[Opening PROVIDED RECORDS section]

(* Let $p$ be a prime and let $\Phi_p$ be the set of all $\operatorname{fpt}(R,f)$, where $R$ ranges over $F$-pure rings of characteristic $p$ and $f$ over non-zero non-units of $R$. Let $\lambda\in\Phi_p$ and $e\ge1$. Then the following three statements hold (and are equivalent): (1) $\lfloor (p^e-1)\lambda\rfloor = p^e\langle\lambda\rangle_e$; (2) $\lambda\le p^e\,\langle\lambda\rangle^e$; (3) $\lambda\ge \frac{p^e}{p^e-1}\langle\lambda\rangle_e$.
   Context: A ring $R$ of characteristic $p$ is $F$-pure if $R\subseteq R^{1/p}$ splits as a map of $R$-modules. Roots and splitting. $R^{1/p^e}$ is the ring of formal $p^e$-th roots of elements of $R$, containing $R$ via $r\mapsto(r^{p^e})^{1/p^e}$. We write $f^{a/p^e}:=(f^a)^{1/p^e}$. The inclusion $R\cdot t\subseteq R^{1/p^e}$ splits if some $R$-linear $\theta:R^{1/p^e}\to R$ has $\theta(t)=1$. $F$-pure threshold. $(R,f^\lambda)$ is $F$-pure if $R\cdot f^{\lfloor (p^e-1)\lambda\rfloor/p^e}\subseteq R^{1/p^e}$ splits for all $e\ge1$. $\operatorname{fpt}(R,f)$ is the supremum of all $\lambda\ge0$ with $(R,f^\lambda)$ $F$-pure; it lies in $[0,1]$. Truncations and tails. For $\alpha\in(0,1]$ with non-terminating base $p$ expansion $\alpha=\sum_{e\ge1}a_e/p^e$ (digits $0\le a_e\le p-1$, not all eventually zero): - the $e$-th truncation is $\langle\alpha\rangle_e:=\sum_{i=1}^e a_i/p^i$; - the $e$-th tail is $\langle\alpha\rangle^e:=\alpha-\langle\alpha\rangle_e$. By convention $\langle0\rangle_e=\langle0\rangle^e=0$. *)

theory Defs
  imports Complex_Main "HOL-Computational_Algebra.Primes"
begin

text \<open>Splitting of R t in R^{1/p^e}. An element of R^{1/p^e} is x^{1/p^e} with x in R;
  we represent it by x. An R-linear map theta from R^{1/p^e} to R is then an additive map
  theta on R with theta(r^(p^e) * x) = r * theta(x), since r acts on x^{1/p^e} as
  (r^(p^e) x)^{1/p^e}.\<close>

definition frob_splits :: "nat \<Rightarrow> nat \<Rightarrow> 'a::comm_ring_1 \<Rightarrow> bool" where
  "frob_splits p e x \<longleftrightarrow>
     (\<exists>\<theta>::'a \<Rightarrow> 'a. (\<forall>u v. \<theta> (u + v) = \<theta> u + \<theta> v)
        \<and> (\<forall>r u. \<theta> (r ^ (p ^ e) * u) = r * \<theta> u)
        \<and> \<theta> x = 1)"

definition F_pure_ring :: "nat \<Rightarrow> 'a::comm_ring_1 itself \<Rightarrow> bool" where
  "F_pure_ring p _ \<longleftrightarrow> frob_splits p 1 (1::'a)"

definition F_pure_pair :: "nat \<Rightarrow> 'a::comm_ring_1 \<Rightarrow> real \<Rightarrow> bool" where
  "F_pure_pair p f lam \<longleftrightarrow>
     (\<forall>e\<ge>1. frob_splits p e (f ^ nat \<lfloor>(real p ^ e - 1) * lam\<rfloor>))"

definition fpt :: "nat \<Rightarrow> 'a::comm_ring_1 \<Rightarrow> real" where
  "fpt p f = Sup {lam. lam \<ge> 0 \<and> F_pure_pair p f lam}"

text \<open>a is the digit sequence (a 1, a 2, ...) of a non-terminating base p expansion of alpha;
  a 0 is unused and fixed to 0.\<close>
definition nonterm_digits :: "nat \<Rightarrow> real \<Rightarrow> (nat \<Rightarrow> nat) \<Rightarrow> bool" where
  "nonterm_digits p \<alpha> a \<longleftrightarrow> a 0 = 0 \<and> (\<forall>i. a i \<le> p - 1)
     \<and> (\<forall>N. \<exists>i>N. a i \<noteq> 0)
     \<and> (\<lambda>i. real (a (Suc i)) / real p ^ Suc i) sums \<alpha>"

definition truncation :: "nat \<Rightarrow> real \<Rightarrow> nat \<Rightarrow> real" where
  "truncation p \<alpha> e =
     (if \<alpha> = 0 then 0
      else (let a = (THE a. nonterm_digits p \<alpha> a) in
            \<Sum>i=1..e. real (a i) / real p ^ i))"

[Closing PROVIDED RECORDS section]

From the first line to the last, copy the data exactly.

(* Let $p$ be a prime and let $\Phi_p$ be the set of all $\operatorname{fpt}(R,f)$, where $R$ ranges over $F$-pure rings of characteristic $p$ and $f$ over non-zero non-units of $R$. Let $\lambda\in\Phi_p$ and $e\ge1$. Then the following three statements hold (and are equivalent): (1) $\lfloor (p^e-1)\lambda\rfloor = p^e\langle\lambda\rangle_e$; (2) $\lambda\le p^e\,\langle\lambda\rangle^e$; (3) $\lambda\ge \frac{p^e}{p^e-1}\langle\lambda\rangle_e$.
   Context: A ring $R$ of characteristic $p$ is $F$-pure if $R\subseteq R^{1/p}$ splits as a map of $R$-modules. Roots and splitting. $R^{1/p^e}$ is the ring of formal $p^e$-th roots of elements of $R$, containing $R$ via $r\mapsto(r^{p^e})^{1/p^e}$. We write $f^{a/p^e}:=(f^a)^{1/p^e}$. The inclusion $R\cdot t\subseteq R^{1/p^e}$ splits if some $R$-linear $\theta:R^{1/p^e}\to R$ has $\theta(t)=1$. $F$-pure threshold. $(R,f^\lambda)$ is $F$-pure if $R\cdot f^{\lfloor (p^e-1)\lambda\rfloor/p^e}\subseteq R^{1/p^e}$ splits for all $e\ge1$. $\operatorname{fpt}(R,f)$ is the supremum of all $\lambda\ge0$ with $(R,f^\lambda)$ $F$-pure; it lies in $[0,1]$. Truncations and tails. For $\alpha\in(0,1]$ with non-terminating base $p$ expansion $\alpha=\sum_{e\ge1}a_e/p^e$ (digits $0\le a_e\le p-1$, not all eventually zero): - the $e$-th truncation is $\langle\alpha\rangle_e:=\sum_{i=1}^e a_i/p^i$; - the $e$-th tail is $\langle\alpha\rangle^e:=\alpha-\langle\alpha\rangle_e$. By convention $\langle0\rangle_e=\langle0\rangle^e=0$. *)

theory Defs
  imports Complex_Main "HOL-Computational_Algebra.Primes"
begin

text \<open>Splitting of R t in R^{1/p^e}. An element of R^{1/p^e} is x^{1/p^e} with x in R;
  we represent it by x. An R-linear map theta from R^{1/p^e} to R is then an additive map
  theta on R with theta(r^(p^e) * x) = r * theta(x), since r acts on x^{1/p^e} as
  (r^(p^e) x)^{1/p^e}.\<close>

definition frob_splits :: "nat \<Rightarrow> nat \<Rightarrow> 'a::comm_ring_1 \<Rightarrow> bool" where
  "frob_splits p e x \<longleftrightarrow>
     (\<exists>\<theta>::'a \<Rightarrow> 'a. (\<forall>u v. \<theta> (u + v) = \<theta> u + \<theta> v)
        \<and> (\<forall>r u. \<theta> (r ^ (p ^ e) * u) = r * \<theta> u)
        \<and> \<theta> x = 1)"

definition F_pure_ring :: "nat \<Rightarrow> 'a::comm_ring_1 itself \<Rightarrow> bool" where
  "F_pure_ring p _ \<longleftrightarrow> frob_splits p 1 (1::'a)"

definition F_pure_pair :: "nat \<Rightarrow> 'a::comm_ring_1 \<Rightarrow> real \<Rightarrow> bool" where
  "F_pure_pair p f lam \<longleftrightarrow>
     (\<forall>e\<ge>1. frob_splits p e (f ^ nat \<lfloor>(real p ^ e - 1) * lam\<rfloor>))"

definition fpt :: "nat \<Rightarrow> 'a::comm_ring_1 \<Rightarrow> real" where
  "fpt p f = Sup {lam. lam \<ge> 0 \<and> F_pure_pair p f lam}"

text \<open>a is the digit sequence (a 1, a 2, ...) of a non-terminating base p expansion of alpha;
  a 0 is unused and fixed to 0.\<close>
definition nonterm_digits :: "nat \<Rightarrow> real \<Rightarrow> (nat \<Rightarrow> nat) \<Rightarrow> bool" where
  "nonterm_digits p \<alpha> a \<longleftrightarrow> a 0 = 0 \<and> (\<forall>i. a i \<le> p - 1)
     \<and> (\<forall>N. \<exists>i>N. a i \<noteq> 0)
     \<and> (\<lambda>i. real (a (Suc i)) / real p ^ Suc i) sums \<alpha>"

definition truncation :: "nat \<Rightarrow> real \<Rightarrow> nat \<Rightarrow> real" where
  "truncation p \<alpha> e =
     (if \<alpha> = 0 then 0
      else (let a = (THE a. nonterm_digits p \<alpha> a) in
            \<Sum>i=1..e. real (a i) / real p ^ i))"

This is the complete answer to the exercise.